What the task asks: Reproduce, with no edits, the line that contains "then interpret threshold_network" and all the lines that follow it, ending with the last line of the records.

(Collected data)
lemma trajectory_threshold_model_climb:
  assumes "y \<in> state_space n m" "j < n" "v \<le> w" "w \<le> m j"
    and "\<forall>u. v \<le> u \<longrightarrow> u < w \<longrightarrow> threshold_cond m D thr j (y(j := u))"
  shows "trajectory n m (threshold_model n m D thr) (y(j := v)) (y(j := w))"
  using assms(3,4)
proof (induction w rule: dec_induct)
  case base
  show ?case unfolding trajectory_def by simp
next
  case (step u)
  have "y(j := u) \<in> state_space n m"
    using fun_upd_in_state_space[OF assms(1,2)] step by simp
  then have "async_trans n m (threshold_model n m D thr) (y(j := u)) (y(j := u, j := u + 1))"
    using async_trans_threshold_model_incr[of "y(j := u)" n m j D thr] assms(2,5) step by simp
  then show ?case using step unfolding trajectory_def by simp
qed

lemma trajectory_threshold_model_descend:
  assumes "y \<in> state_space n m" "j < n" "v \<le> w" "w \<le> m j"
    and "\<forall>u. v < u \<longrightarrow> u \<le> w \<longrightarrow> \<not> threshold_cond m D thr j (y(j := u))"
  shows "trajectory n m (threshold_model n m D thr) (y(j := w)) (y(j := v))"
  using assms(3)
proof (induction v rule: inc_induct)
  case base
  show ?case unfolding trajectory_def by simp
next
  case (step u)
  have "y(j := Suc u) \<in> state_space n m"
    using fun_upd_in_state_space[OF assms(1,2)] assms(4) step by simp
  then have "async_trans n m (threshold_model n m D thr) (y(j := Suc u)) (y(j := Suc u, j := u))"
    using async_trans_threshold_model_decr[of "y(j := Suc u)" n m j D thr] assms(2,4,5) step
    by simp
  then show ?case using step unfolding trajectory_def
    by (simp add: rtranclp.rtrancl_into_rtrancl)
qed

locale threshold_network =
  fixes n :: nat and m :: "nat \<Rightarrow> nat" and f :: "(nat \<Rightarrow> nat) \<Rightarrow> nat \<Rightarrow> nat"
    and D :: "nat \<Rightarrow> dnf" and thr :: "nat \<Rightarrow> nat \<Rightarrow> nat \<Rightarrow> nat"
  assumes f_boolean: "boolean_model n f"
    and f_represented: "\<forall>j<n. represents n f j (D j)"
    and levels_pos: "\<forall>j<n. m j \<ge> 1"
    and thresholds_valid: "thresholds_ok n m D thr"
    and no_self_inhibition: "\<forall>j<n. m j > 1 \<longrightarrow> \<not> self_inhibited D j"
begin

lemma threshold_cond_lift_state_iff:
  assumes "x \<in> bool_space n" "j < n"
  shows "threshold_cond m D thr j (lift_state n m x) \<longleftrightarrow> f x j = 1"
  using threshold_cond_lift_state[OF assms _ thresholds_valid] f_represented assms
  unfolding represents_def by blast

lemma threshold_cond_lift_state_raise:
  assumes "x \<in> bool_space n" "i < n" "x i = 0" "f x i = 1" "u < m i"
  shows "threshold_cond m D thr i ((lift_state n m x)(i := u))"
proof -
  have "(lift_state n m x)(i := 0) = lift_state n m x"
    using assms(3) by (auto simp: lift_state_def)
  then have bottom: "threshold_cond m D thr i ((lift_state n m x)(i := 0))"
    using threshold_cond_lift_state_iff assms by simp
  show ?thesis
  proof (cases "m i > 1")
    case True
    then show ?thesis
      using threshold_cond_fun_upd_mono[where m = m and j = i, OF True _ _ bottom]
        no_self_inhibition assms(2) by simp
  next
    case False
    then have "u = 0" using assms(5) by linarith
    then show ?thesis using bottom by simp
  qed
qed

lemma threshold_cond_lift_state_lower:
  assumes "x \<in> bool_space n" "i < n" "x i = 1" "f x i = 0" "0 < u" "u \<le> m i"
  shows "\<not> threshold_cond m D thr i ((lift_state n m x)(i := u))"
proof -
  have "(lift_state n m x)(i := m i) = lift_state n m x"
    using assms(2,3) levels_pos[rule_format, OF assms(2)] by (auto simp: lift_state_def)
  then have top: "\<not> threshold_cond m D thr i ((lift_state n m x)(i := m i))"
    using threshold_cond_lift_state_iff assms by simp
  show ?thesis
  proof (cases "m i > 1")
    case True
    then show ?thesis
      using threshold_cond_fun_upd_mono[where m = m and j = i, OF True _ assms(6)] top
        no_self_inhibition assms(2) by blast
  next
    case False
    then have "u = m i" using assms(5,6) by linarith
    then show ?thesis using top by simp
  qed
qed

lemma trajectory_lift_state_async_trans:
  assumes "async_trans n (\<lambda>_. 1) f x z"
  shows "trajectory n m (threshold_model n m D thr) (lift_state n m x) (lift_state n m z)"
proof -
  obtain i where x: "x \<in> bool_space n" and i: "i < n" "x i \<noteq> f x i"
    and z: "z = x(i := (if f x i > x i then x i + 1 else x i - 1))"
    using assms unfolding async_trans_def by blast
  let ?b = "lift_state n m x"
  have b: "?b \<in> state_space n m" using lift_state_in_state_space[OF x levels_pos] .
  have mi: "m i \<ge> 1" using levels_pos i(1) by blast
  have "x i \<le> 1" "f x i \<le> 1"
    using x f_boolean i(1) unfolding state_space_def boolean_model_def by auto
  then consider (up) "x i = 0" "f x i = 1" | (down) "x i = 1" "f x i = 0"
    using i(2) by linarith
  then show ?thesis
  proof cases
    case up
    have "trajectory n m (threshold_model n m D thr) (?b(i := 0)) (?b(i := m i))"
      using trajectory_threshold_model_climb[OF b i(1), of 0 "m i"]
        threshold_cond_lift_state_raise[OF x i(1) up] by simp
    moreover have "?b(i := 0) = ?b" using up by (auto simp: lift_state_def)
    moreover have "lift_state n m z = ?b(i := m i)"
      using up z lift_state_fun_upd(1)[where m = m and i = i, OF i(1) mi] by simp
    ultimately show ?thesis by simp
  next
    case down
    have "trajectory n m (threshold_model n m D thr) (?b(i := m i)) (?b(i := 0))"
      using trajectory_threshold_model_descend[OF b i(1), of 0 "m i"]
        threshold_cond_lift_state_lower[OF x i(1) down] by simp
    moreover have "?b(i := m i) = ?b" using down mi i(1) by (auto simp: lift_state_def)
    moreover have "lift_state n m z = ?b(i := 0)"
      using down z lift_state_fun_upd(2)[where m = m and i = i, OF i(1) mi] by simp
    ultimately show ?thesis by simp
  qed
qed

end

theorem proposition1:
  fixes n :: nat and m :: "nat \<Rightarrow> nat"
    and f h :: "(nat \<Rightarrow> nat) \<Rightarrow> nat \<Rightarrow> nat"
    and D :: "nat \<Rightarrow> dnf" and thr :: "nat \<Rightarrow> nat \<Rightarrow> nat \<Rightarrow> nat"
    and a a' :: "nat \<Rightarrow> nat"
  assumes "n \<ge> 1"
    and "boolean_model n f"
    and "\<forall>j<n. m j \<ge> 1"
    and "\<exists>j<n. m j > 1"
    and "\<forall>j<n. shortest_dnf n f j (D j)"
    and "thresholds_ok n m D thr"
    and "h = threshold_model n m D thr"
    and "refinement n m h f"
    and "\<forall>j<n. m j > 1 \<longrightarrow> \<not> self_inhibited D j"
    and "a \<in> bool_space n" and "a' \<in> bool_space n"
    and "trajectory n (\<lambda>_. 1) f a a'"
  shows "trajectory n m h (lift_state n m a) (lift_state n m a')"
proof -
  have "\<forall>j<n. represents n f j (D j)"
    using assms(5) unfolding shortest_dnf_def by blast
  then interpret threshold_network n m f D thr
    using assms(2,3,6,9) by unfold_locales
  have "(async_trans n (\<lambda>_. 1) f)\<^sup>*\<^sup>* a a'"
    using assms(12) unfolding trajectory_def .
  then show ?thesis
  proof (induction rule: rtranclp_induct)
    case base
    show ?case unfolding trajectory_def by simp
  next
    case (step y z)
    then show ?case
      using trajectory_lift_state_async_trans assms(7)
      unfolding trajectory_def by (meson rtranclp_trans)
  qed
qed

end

Final answer:
  then interpret threshold_network n m f D thr
    using assms(2,3,6,9) by unfold_locales
  have "(async_trans n (\<lambda>_. 1) f)\<^sup>*\<^sup>* a a'"
    using assms(12) unfolding trajectory_def .
  then show ?thesis
  proof (induction rule: rtranclp_induct)
    case base
    show ?case unfolding trajectory_def by simp
  next
    case (step y z)
    then show ?case
      using trajectory_lift_state_async_trans assms(7)
      unfolding trajectory_def by (meson rtranclp_trans)
  qed
qed

end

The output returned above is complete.